[Saved entries]
= Beginning of Section =
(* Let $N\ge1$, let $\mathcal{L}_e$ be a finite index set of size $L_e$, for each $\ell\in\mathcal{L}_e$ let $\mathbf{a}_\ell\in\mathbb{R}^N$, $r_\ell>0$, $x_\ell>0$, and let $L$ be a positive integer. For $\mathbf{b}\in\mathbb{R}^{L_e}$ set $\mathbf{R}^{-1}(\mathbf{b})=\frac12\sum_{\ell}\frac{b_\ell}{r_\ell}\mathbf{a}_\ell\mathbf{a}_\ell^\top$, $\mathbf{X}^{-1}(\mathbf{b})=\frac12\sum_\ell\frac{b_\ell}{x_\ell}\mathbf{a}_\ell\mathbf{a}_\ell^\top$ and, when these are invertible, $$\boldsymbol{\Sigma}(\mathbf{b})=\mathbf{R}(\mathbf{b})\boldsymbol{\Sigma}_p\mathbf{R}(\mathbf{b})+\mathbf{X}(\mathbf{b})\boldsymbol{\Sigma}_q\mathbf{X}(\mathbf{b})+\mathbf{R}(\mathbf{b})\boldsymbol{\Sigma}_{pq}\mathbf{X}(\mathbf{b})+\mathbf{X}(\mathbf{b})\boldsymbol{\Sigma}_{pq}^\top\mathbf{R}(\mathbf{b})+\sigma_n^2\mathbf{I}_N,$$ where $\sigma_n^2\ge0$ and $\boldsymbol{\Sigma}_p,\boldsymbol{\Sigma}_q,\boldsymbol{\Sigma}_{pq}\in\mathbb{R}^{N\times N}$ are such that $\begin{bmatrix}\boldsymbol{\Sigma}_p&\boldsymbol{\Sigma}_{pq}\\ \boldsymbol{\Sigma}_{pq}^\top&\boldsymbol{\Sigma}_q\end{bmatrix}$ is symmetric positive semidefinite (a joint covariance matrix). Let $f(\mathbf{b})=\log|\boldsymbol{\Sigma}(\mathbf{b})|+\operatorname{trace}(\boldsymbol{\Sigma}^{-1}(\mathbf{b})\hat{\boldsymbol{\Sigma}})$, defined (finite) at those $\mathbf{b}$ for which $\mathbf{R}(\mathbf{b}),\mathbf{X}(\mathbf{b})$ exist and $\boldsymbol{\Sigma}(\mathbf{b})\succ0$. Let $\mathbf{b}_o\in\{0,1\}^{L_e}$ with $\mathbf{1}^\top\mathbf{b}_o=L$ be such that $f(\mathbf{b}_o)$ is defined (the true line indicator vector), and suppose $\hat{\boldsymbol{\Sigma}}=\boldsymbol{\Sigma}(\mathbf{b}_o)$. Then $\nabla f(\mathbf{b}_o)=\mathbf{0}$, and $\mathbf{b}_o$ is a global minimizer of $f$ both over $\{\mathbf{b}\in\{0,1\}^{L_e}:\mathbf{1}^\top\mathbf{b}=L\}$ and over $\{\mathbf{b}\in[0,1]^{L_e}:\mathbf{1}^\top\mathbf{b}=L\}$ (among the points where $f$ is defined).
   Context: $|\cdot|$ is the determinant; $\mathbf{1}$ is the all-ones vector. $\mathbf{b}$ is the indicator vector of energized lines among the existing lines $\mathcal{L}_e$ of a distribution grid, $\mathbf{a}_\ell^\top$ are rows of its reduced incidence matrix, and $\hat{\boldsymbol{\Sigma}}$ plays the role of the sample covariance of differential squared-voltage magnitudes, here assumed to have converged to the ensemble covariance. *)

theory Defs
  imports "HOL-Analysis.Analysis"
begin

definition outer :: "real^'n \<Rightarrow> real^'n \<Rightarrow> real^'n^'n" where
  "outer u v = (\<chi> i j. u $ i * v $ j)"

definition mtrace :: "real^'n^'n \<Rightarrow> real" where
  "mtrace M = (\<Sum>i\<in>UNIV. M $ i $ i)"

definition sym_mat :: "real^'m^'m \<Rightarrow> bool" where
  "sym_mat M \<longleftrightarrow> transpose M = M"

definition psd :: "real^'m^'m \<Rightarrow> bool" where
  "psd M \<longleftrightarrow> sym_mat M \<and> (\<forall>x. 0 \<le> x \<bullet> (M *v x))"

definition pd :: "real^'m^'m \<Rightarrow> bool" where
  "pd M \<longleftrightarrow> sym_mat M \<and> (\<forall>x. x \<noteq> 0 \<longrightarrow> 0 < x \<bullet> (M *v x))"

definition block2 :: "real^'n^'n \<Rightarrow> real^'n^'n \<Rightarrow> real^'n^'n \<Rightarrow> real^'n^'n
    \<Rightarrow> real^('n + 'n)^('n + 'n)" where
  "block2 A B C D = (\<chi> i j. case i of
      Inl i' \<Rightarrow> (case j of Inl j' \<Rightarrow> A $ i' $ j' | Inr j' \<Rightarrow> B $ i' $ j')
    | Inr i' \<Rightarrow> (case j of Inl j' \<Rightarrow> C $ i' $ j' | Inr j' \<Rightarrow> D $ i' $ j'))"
= End of Section =
= Beginning of Section =
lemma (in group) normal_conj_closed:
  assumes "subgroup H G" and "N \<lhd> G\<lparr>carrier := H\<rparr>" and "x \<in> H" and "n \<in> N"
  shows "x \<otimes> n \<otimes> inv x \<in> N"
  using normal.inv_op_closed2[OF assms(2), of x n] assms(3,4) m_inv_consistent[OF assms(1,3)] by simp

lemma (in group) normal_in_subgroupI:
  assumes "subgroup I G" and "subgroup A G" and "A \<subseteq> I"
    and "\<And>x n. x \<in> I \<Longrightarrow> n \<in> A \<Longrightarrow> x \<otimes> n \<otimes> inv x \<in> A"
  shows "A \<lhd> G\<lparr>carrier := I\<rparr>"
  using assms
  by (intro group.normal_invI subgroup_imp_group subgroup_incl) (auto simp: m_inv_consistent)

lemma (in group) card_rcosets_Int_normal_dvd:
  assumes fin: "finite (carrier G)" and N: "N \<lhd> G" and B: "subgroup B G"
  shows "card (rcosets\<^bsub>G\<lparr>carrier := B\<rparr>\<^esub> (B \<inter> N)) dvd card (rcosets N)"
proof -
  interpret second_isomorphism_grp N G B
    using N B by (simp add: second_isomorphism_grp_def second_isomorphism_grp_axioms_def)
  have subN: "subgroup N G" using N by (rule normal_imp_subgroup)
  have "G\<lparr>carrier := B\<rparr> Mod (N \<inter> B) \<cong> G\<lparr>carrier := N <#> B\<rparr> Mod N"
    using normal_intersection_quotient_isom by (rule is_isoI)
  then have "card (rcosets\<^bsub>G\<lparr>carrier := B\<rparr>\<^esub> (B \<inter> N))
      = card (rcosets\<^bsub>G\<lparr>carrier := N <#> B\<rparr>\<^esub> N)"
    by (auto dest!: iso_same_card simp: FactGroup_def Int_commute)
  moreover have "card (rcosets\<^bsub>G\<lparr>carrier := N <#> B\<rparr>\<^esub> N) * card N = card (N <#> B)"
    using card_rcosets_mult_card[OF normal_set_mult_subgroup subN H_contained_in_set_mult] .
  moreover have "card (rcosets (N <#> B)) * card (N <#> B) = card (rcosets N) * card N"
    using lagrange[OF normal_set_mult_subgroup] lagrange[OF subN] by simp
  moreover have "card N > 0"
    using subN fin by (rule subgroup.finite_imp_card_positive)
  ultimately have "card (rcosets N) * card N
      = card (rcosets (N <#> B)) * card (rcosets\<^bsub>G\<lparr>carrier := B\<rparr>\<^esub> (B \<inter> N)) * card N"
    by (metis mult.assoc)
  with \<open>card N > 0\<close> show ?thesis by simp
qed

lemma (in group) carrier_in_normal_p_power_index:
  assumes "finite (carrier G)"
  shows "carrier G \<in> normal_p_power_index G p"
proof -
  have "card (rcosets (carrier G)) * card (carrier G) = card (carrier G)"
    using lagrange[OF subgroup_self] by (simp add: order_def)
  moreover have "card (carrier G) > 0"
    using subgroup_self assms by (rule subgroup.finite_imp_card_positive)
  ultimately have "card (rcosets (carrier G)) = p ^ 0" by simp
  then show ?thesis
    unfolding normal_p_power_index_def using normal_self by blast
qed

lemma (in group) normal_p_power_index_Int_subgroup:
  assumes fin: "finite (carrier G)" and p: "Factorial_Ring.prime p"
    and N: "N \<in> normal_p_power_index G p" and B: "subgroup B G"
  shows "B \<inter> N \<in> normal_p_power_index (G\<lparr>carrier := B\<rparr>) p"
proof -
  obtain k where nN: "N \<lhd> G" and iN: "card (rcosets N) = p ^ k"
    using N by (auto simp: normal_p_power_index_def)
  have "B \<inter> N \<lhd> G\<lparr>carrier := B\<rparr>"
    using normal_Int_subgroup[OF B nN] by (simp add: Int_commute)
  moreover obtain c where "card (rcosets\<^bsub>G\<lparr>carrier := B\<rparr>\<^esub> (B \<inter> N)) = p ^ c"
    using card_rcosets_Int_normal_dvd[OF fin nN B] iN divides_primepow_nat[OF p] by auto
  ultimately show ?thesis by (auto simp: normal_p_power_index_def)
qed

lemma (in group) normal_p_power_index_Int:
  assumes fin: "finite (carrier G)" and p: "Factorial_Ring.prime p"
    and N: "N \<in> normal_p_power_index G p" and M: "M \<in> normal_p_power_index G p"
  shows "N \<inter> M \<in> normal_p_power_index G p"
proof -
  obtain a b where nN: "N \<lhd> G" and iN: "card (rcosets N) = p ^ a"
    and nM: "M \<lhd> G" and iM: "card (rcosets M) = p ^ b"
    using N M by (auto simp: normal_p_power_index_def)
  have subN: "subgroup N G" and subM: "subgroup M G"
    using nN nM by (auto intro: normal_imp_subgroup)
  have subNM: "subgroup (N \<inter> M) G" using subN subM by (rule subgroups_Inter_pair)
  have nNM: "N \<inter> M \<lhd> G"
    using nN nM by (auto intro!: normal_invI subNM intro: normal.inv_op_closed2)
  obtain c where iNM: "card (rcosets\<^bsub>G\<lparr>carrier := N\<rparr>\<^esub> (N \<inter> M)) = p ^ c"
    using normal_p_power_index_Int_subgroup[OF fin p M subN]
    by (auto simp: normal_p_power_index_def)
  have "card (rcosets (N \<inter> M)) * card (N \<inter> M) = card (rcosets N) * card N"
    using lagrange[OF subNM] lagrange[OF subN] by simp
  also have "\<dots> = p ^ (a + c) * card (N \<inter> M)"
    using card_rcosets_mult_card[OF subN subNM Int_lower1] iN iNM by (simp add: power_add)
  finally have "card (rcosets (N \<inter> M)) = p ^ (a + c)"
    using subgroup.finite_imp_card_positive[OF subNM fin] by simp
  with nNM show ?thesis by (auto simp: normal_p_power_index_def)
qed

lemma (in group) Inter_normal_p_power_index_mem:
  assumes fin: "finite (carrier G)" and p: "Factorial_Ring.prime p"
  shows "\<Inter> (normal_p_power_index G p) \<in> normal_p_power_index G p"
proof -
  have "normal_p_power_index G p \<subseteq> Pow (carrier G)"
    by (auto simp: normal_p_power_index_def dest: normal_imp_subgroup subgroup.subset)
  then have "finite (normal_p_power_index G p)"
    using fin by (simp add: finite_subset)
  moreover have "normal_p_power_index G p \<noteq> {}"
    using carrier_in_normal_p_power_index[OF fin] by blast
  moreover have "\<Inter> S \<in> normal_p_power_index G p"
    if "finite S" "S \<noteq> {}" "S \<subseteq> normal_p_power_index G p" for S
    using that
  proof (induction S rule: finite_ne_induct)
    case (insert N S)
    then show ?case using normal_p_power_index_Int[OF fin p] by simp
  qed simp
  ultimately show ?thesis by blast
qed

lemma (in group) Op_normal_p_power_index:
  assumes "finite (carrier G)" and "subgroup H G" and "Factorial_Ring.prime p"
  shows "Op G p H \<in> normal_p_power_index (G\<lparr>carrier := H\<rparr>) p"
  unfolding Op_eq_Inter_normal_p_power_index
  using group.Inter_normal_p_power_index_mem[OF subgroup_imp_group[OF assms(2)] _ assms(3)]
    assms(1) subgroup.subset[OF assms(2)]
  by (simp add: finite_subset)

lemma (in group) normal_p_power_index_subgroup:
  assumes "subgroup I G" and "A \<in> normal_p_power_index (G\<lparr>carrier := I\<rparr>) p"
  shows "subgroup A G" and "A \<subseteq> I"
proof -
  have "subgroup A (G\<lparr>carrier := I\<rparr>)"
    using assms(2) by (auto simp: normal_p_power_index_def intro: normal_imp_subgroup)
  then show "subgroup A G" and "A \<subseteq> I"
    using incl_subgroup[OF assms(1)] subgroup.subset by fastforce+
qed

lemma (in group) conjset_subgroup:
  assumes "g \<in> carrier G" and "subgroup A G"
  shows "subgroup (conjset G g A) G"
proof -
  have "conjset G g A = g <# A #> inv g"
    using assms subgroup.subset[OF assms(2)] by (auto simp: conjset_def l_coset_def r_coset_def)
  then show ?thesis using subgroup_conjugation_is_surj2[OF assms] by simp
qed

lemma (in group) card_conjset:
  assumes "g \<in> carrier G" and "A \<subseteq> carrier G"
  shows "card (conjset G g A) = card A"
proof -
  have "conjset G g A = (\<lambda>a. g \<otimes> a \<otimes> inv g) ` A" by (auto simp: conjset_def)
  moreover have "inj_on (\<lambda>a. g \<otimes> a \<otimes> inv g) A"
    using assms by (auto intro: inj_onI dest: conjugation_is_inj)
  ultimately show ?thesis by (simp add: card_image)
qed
= End of Section =
• _Exercise aim_:
Go through the lines above and copy any that contain "real".

• _Result of the task_:
definition outer :: "real^'n \<Rightarrow> real^'n \<Rightarrow> real^'n^'n" where
definition mtrace :: "real^'n^'n \<Rightarrow> real" where
definition sym_mat :: "real^'m^'m \<Rightarrow> bool" where
definition psd :: "real^'m^'m \<Rightarrow> bool" where
definition pd :: "real^'m^'m \<Rightarrow> bool" where
definition block2 :: "real^'n^'n \<Rightarrow> real^'n^'n \<Rightarrow> real^'n^'n \<Rightarrow> real^'n^'n
    \<Rightarrow> real^('n + 'n)^('n + 'n)" where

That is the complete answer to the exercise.